The credit card companies force customers to update any auto-payment information. It is a pain to do this. Off the top of your head, can you state how many accounts you have that auto-bill your credit card? We have multiple accounts, such as our satellite phone, NetFlix subscription, InReach satellite communication, VPN services, just to name a few. As you can see, some of our more critical systems depend on a monthly or annual bill such as our sat phone. If I missed updating this account and we set off on a voyage, our emergency phone could be disconnected.
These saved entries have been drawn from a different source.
(* Let $X$ be a connected thin combinatorial $2$-complex, and let $\mathcal H\le\mathrm{Aut}(X)$ be finitely generated relative to a finite collection of $0$-cell stabilizers. If $C$ is a compact subcomplex of $X$, then there is a connected compact subcomplex $Y_0$ of $X$ containing $C$ such that: (1) $\mathcal H$ is finitely generated relative to the stabilizers of a (finite) collection of $0$-cells of $Y_0$; and (2) $Y=\bigcup_{g\in\mathcal H}gY_0$ is a connected $\mathcal H$-cocompact subcomplex of $X$.
   Context: $\mathrm{Aut}(X)$ is the group of cellular automorphisms of $X$. A side at a $1$-cell $x$ is a pair $(R,r)$ with $R$ a $2$-cell and $r$ a $1$-cell of $\partial R$ mapping to $x$; $X$ is thin if each $1$-cell has finitely many sides. $\mathcal H$ is finitely generated relative to a finite collection of $0$-cell stabilizers if there are $0$-cells $v_1,\dots,v_n$ and a finite $S\subset\mathcal H$ with $S\cup\bigcup_i\mathrm{Stab}_{\mathcal H}(v_i)$ generating $\mathcal H$. A subcomplex is $\mathcal H$-cocompact if it is $\mathcal H$-invariant and has finitely many $\mathcal H$-orbits of cells. *)

theory Defs
  imports "HOL-Algebra.Generated_Groups"
begin

text \<open>Each 1-cell e has a source and target 0-cell (loops and multiple 1-cells allowed).
  The attaching map of a 2-cell R is a closed combinatorial path bnd R, a nonempty list of
  oriented 1-cells (e, True) = traverse e forwards, (e, False) = backwards.\<close>

record ('v, 'e, 'f) cx2 =
  verts :: "'v set"
  edges :: "'e set"
  faces :: "'f set"
  src :: "'e \<Rightarrow> 'v"
  tgt :: "'e \<Rightarrow> 'v"
  bnd :: "'f \<Rightarrow> ('e \<times> bool) list"

definition ostart :: "('v, 'e, 'f) cx2 \<Rightarrow> 'e \<times> bool \<Rightarrow> 'v" where
  "ostart X p = (if snd p then src X (fst p) else tgt X (fst p))"

definition oend :: "('v, 'e, 'f) cx2 \<Rightarrow> 'e \<times> bool \<Rightarrow> 'v" where
  "oend X p = (if snd p then tgt X (fst p) else src X (fst p))"

definition closed_path :: "('v, 'e, 'f) cx2 \<Rightarrow> ('e \<times> bool) list \<Rightarrow> bool" where
  "closed_path X p \<longleftrightarrow> p \<noteq> [] \<and> (\<forall>x\<in>set p. fst x \<in> edges X) \<and>
     (\<forall>i < length p. oend X (p ! i) = ostart X (p ! (Suc i mod length p)))"
lemma norm_sum_convolution_pdl_dilate_le:
  fixes \<kappa> :: "real^'m \<Rightarrow> complex" and v :: "'m list \<Rightarrow> real^'m \<Rightarrow> complex"
  assumes sk: "schwartz \<kappa>" and \<Gamma>: "\<Gamma> \<noteq> 0" and L: "\<forall>js. length js \<le> k \<longrightarrow> Linf (v js)"
  shows "norm (\<Sum>js\<in>{js. length js \<le> k}. LINT y|lborel. v js y * pdl (pre @ js) (dilate \<Gamma> \<kappa>) (x - y))
    \<le> (\<Sum>js\<in>{js. length js \<le> k}. Linf_bound (v js) * (LINT y|lborel. norm (pdl (pre @ js) \<kappa> y)))
        * max 1 \<bar>\<Gamma>\<bar> ^ (length pre + k)"
proof -
  have "norm (LINT y|lborel. v js y * pdl (pre @ js) (dilate \<Gamma> \<kappa>) (x - y))
      \<le> Linf_bound (v js) * (LINT y|lborel. norm (pdl (pre @ js) \<kappa> y)) * max 1 \<bar>\<Gamma>\<bar> ^ (length pre + k)"
    if "length js \<le> k" for js
  proof -
    have v: "Linf (v js)" using L that by blast
    then have "v js \<in> borel_measurable lborel" by (simp add: Linf_def)
    from norm_convolution_pdl_dilate_le[OF sk \<Gamma> this AE_norm_le_Linf_bound[OF v], of "pre @ js" x]
    have "norm (LINT y|lborel. v js y * pdl (pre @ js) (dilate \<Gamma> \<kappa>) (x - y))
        \<le> Linf_bound (v js) * \<bar>\<Gamma>\<bar> ^ (length pre + length js) * (LINT y|lborel. norm (pdl (pre @ js) \<kappa> y))"
      by simp
    also have "\<dots> \<le> Linf_bound (v js) * max 1 \<bar>\<Gamma>\<bar> ^ (length pre + k) * (LINT y|lborel. norm (pdl (pre @ js) \<kappa> y))"
    proof (intro mult_right_mono mult_left_mono Linf_bound_nonneg[OF v] integral_nonneg_AE AE_I2)
      have "\<bar>\<Gamma>\<bar> ^ (length pre + length js) \<le> max 1 \<bar>\<Gamma>\<bar> ^ (length pre + length js)"
        by (rule power_mono) auto
      also have "\<dots> \<le> max 1 \<bar>\<Gamma>\<bar> ^ (length pre + k)"
        using that by (intro power_increasing) auto
      finally show "\<bar>\<Gamma>\<bar> ^ (length pre + length js) \<le> max 1 \<bar>\<Gamma>\<bar> ^ (length pre + k)" .
    qed simp
    finally show ?thesis by (simp only: mult_ac)
  qed
  then have "(\<Sum>js\<in>{js. length js \<le> k}. norm (LINT y|lborel. v js y * pdl (pre @ js) (dilate \<Gamma> \<kappa>) (x - y)))
    \<le> (\<Sum>js\<in>{js. length js \<le> k}. Linf_bound (v js) * (LINT y|lborel. norm (pdl (pre @ js) \<kappa> y))
        * max 1 \<bar>\<Gamma>\<bar> ^ (length pre + k))"
    by (intro sum_mono) simp
  then show ?thesis
    by (simp add: sum_distrib_right order_trans[OF norm_sum])
qed

lemma emb_W_eq_sum_convolution:
  "emb_W \<gamma> \<kappa> k v \<phi> x =
    (\<Sum>js\<in>{js. length js \<le> k}. LINT y|lborel. v js y * pdl js (dilate (\<gamma> (lm \<phi>)) \<kappa>) (x - y))"
  by (simp add: emb_W_def chi_gamma_eq_dilate)
lemma le_trans: "x \<in> M \<Longrightarrow> y \<in> M \<Longrightarrow> w \<in> M \<Longrightarrow> le x y \<Longrightarrow> le y w \<Longrightarrow> le x w"
  unfolding lle_def by (metis jn_assoc)

lemma le_iff_mt: "x \<in> M \<Longrightarrow> y \<in> M \<Longrightarrow> le x y \<longleftrightarrow> mt x y = x"
  unfolding lle_def by (metis jn_absorb mt_absorb jn_commute mt_commute)

lemma jn_upper1: "x \<in> M \<Longrightarrow> y \<in> M \<Longrightarrow> le x (jn x y)"
  and jn_upper2: "x \<in> M \<Longrightarrow> y \<in> M \<Longrightarrow> le y (jn x y)"
  unfolding lle_def by (metis jn_assoc jn_idem jn_commute)+

lemma jn_least: "x \<in> M \<Longrightarrow> y \<in> M \<Longrightarrow> w \<in> M \<Longrightarrow> le x w \<Longrightarrow> le y w \<Longrightarrow> le (jn x y) w"
  unfolding lle_def by (metis jn_assoc)

lemma mt_idem: "x \<in> M \<Longrightarrow> mt x x = x"
  using mt_absorb[of x "mt x x"] by (simp add: jn_absorb)

lemma mt_lower1: "x \<in> M \<Longrightarrow> y \<in> M \<Longrightarrow> le (mt x y) x"
  using mt_assoc[of x x y] by (simp add: le_iff_mt mt_commute[of "mt x y" x] mt_idem)

lemma mt_lower2: "x \<in> M \<Longrightarrow> y \<in> M \<Longrightarrow> le (mt x y) y"
  using mt_lower1[of y x] by (simp add: mt_commute)

lemma mt_greatest: "x \<in> M \<Longrightarrow> y \<in> M \<Longrightarrow> w \<in> M \<Longrightarrow> le w x \<Longrightarrow> le w y \<Longrightarrow> le w (mt x y)"
  by (metis le_iff_mt mt_closed mt_assoc)

lemma jn_mt_distrib: "x \<in> M \<Longrightarrow> y \<in> M \<Longrightarrow> w \<in> M \<Longrightarrow> jn x (mt y w) = mt (jn x y) (jn x w)"
proof -
  assume M: "x \<in> M" "y \<in> M" "w \<in> M"
  have "mt (jn x y) (jn x w) = jn (mt (jn x y) x) (mt (jn x y) w)"
    using M by (simp add: mt_jn_distrib)
  also have "mt (jn x y) x = x"
    using M by (metis mt_absorb mt_commute jn_closed)
  also have "mt (jn x y) w = jn (mt w x) (mt w y)"
    using M by (metis mt_jn_distrib mt_commute jn_closed)
  also have "jn x (jn (mt w x) (mt w y)) = jn (jn x (mt w x)) (mt w y)"
    using M by (simp add: jn_assoc)
  also have "jn x (mt w x) = x"
    using M by (metis jn_absorb mt_commute)
  finally show ?thesis
    using M by (simp add: mt_commute)
qed

lemma add_mono: "a \<in> M \<Longrightarrow> b \<in> M \<Longrightarrow> c \<in> M \<Longrightarrow> le a b \<Longrightarrow> le (add c a) (add c b)"
  unfolding lle_def by (metis add_jn_distrib)

lemma add_mt_jn: "a \<in> M \<Longrightarrow> b \<in> M \<Longrightarrow> add (mt a b) (jn a b) = add a b"
proof -
  assume M: "a \<in> M" "b \<in> M"
  have below: "add (mt a b) (jn a b) = mt (add a b) (jn (add a a) (add b b))"
    using M by (simp add: add_jn_distrib add_mt_distrib_right mt_jn_distrib
        mt_commute[of "add a a" "add a b"] add_commute[of b a])
  have "add (mt a b) (jn a b) = add (jn a b) (mt a b)"
    using M by (simp add: add_commute)
  also have "\<dots> = mt (jn (add a b) (add a a)) (jn (add a b) (add b b))"
    using M by (simp add: add_mt_distrib add_jn_distrib_right jn_commute[of "add a a"]
        add_commute[of b a])
  also have "\<dots> = jn (add a b) (mt (add a a) (add b b))"
    using M by (simp add: jn_mt_distrib)
  finally have above: "add (mt a b) (jn a b) = jn (add a b) (mt (add a a) (add b b))" .
  have "le (add (mt a b) (jn a b)) (add a b)"
    using below M by (simp add: mt_lower1)
  moreover have "le (add a b) (add (mt a b) (jn a b))"
    using above M by (simp add: jn_upper1)
  ultimately show ?thesis
    using M by (simp add: le_antisym)
qed

lemma nsum_0 [simp]: "nsum add z a 0 = z"
  and nsum_Suc [simp]: "nsum add z a (Suc n) = add a (nsum add z a n)"
  by (simp_all add: nsum_def)

lemma un_closed [simp]: "un n \<in> M"
  and mn_closed [simp]: "mn n \<in> M"
  by (induction n) auto

lemma un_add_mn: "add (un n) (mn n) = z"
proof (induction n)
  case (Suc n)
  have "add (un (Suc n)) (mn (Suc n)) = add (add u m) (add (un n) (mn n))"
    by (simp add: add_assoc add_left_commute)
  then show ?case
    using Suc add_u_m by simp
qed simp

lemma un_Suc_add_m: "add (un (Suc k)) m = un k"
  by (metis nsum_Suc add_assoc add_left_commute add_u_m add_zero_right un_closed consts_closed)

lemma zero_le_un: "le z (un n)"
proof (induction n)
  case 0
  show ?case
    unfolding lle_def by (simp add: jn_idem)
next
  case (Suc n)
  have "le u (add u (un n))"
    using add_mono[of z "un n" u] Suc by simp
  then show ?case
    using le_trans[of z u "un (Suc n)"] zero_le_u by simp
qed

lemma le_un_0_imp_zero: "x \<in> M \<Longrightarrow> le z x \<Longrightarrow> le x (un 0) \<Longrightarrow> x = z"
  using le_antisym by simp

lemma shift_nonneg: "x \<in> M \<Longrightarrow> le (mn n) x \<Longrightarrow> le z (add x (un n))"
  using add_mono[of "mn n" x "un n"] by (simp add: un_add_mn add_commute[of x])

lemma truncation_decomp: "w \<in> M \<Longrightarrow> add (mt w u) (jn (add w m) z) = w"
proof -
  assume w: "w \<in> M"
  have shifted: "add u (jn (add w m) z) = jn w u"
    using w by (simp add: add_jn_distrib add_left_commute[of u w m] add_u_m)
  have "add (add (mt w u) (jn (add w m) z)) u = add (mt w u) (add u (jn (add w m) z))"
    using w by (simp add: add_assoc add_commute[of "jn (add w m) z" u])
  also have "\<dots> = add w u"
    using w by (simp add: shifted add_mt_jn)
  finally have "add (add (mt w u) (jn (add w m) z)) u = add w u" .
  then have "add (add (add (mt w u) (jn (add w m) z)) u) m = add (add w u) m"
    by simp
  then show ?thesis
    using w by (simp add: add_assoc add_u_m)
qed

lemma mt_u_in_Gamma: "w \<in> M \<Longrightarrow> le z w \<Longrightarrow> mt w u \<in> Gamma M jn z u"
  unfolding Gamma_def using mt_lower2 mt_greatest zero_le_u by simp

lemma truncation_le_un: "w \<in> M \<Longrightarrow> le w (un (Suc k)) \<Longrightarrow> le (jn (add w m) z) (un k)"
proof -
  assume w: "w \<in> M" and bound: "le w (un (Suc k))"
  have "le (add m w) (add m (un (Suc k)))"
    using add_mono w bound un_closed consts_closed by blast
  then have "le (add w m) (add (un (Suc k)) m)"
    using w by (simp only: add_commute[of m] un_closed consts_closed)
  then have "le (add w m) (un k)"
    by (simp only: un_Suc_add_m)
  then show ?thesis
    using w jn_least zero_le_un by simp
qed

lemma cancellable_add:
  assumes c: "c \<in> M" and d: "d \<in> M" and "cancellable M c" "cancellable M d"
  shows "cancellable M (add c d)"
  unfolding cancellable_def
proof (intro ballI impI)
  fix x y assume x: "x \<in> M" and y: "y \<in> M" and e: "add x (add c d) = add y (add c d)"
  then have "add (add x c) d = add (add y c) d"
    using c d by (simp add: add_assoc)
  then have "add x c = add y c"
    using \<open>cancellable M d\<close> x y c unfolding cancellable_def by simp
  then show "x = y"
    using \<open>cancellable M c\<close> x y unfolding cancellable_def by simp
qed

lemma cancellable_add_left_factor:
  assumes c: "c \<in> M" and d: "d \<in> M" and cd: "cancellable M (add c d)"
  shows "cancellable M c"
  unfolding cancellable_def
proof (intro ballI impI)
  fix x y assume x: "x \<in> M" and y: "y \<in> M" and "add x c = add y c"
  then have "add x (add c d) = add y (add c d)"
    using c d by (simp flip: add_assoc)
  then show "x = y"
    using cd x y unfolding cancellable_def by simp
qed

lemma cancellable_un: "cancellable M (un n)"
  using cancellable_add_left_factor[of "un n" "mn n"] un_add_mn
  unfolding cancellable_def by simp

lemma Gamma_cancels_bounded_nonneg:
  assumes H: "\<forall>c\<in>Gamma M jn z u. cancellable (Gamma M jn z u) c"
    and w: "w \<in> Gamma M jn z u"
  shows "\<lbrakk>x \<in> M; y \<in> M; le z x; le z y; le x (un k); le y (un k); add x w = add y w\<rbrakk> \<Longrightarrow> x = y"
proof (induction k arbitrary: x y)
  case 0
  then show ?case
    using le_un_0_imp_zero by metis
next
  case (Suc k)
  have wM: "w \<in> M"
    using w by (simp add: Gamma_def)
  have "add (mt x u) w = add (mt y u) w"
    using Suc.prems wM by (simp add: add_mt_distrib_right)
  then have low: "mt x u = mt y u"
    using H w mt_u_in_Gamma Suc.prems unfolding cancellable_def by blast
  have shift_w: "add (jn (add v m) z) w = jn (add (add v w) m) w" if "v \<in> M" for v
    using that wM by (simp add: add_jn_distrib_right add_assoc add_commute[of m w])
  have "add (jn (add x m) z) w = add (jn (add y m) z) w"
    using Suc.prems by (simp only: shift_w)
  then have high: "jn (add x m) z = jn (add y m) z"
    using Suc.IH Suc.prems truncation_le_un jn_upper2 by simp
  show "x = y"
    using truncation_decomp[of x] truncation_decomp[of y] low high Suc.prems by metis
qed

lemma Gamma_cancellable:
  assumes H: "\<forall>c\<in>Gamma M jn z u. cancellable (Gamma M jn z u) c"
    and w: "w \<in> Gamma M jn z u"
  shows "cancellable M w"
  unfolding cancellable_def
proof (intro ballI impI)
  fix x y assume x: "x \<in> M" and y: "y \<in> M" and e: "add x w = add y w"
  have wM: "w \<in> M"
    using w by (simp add: Gamma_def)
  obtain n where n: "le (mn n) (mt x y)"
    using strong_unit[of "mt x y"] x y by auto
  define x' y' where "x' = add x (un n)" and "y' = add y (un n)"
  have M': "x' \<in> M" "y' \<in> M"
    using x y unfolding x'_def y'_def by simp_all
  have "le (mn n) x" "le (mn n) y"
    using n x y le_trans[of "mn n" "mt x y"] mt_lower1 mt_lower2 by simp_all
  then have nonneg: "le z x'" "le z y'"
    using x y shift_nonneg unfolding x'_def y'_def by simp_all
  obtain k where k: "le (jn x' y') (un k)"
    using strong_unit[of "jn x' y'"] M' by auto
  have bounded: "le x' (un k)" "le y' (un k)"
    using k M' le_trans[of _ "jn x' y'" "un k"] jn_upper1 jn_upper2 by simp_all
  have "add x' w = add y' w"
    using x y wM e unfolding x'_def y'_def by (metis add_assoc add_commute un_closed)
  then have "x' = y'"
    using Gamma_cancels_bounded_nonneg[OF H w] M' nonneg bounded by blast
  then show "x = y"
    using cancellable_un x y unfolding cancellable_def x'_def y'_def by blast
qed

lemma bounded_nonneg_cancellable:
  assumes H: "\<forall>c\<in>Gamma M jn z u. cancellable (Gamma M jn z u) c"
  shows "\<lbrakk>w \<in> M; le z w; le w (un k)\<rbrakk> \<Longrightarrow> cancellable M w"
proof (induction k arbitrary: w)
  case 0
  then show ?case
    using le_un_0_imp_zero[of w] unfolding cancellable_def by simp
next
  case (Suc k)
  have "cancellable M (add (mt w u) (jn (add w m) z))"
    using Suc Gamma_cancellable[OF H] mt_u_in_Gamma truncation_le_un jn_upper2
    by (simp add: cancellable_add)
  then show ?case
    using Suc.prems truncation_decomp by simp
qed

lemma all_cancellable:
  assumes H: "\<forall>c\<in>Gamma M jn z u. cancellable (Gamma M jn z u) c"
    and w: "w \<in> M"
  shows "cancellable M w"
proof -
  obtain n where "le (mn n) w"
    using strong_unit w by blast
  then have "le z (add w (un n))"
    by (rule shift_nonneg[OF w])
  moreover obtain k where "le (add w (un n)) (un k)"
    using strong_unit[of "add w (un n)"] w by auto
  ultimately have "cancellable M (add w (un n))"
    using bounded_nonneg_cancellable[OF H] w by simp
  then show ?thesis
    using cancellable_add_left_factor w un_closed by blast
qed

lemma eq_if_oplus_odot_eq:
  assumes "x \<in> M" "y \<in> M" "w \<in> M"
    and "oplusG add mt u x w = oplusG add mt u y w" "odotG add jn z m x w = odotG add jn z m y w"
  shows "add x w = add y w"
proof -
  have "add x w = add (mt (add x w) u) (jn (add (add x w) m) z)"
    using assms by (simp add: truncation_decomp)
  also have "\<dots> = add (mt (add y w) u) (jn (add (add y w) m) z)"
    using assms unfolding oplusG_def odotG_def by simp
  also have "\<dots> = add y w"
    using assms by (simp add: truncation_decomp)
  finally show ?thesis .
qed

end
One of our credit cards is expiring at the end of this month. It is the card we use for rental cars because it has an awesome free benefit covering us all over the world as primary collision insurance whenever we rent a car using this particular card. This is normally covered by a person’s personal auto insurance policy. But, we do not have car insurance since we do not own a car. The value of this benefit for us is substantial. The card company sent our replacement card to our USA address. We know this because they sent us an email. Hmm, now what?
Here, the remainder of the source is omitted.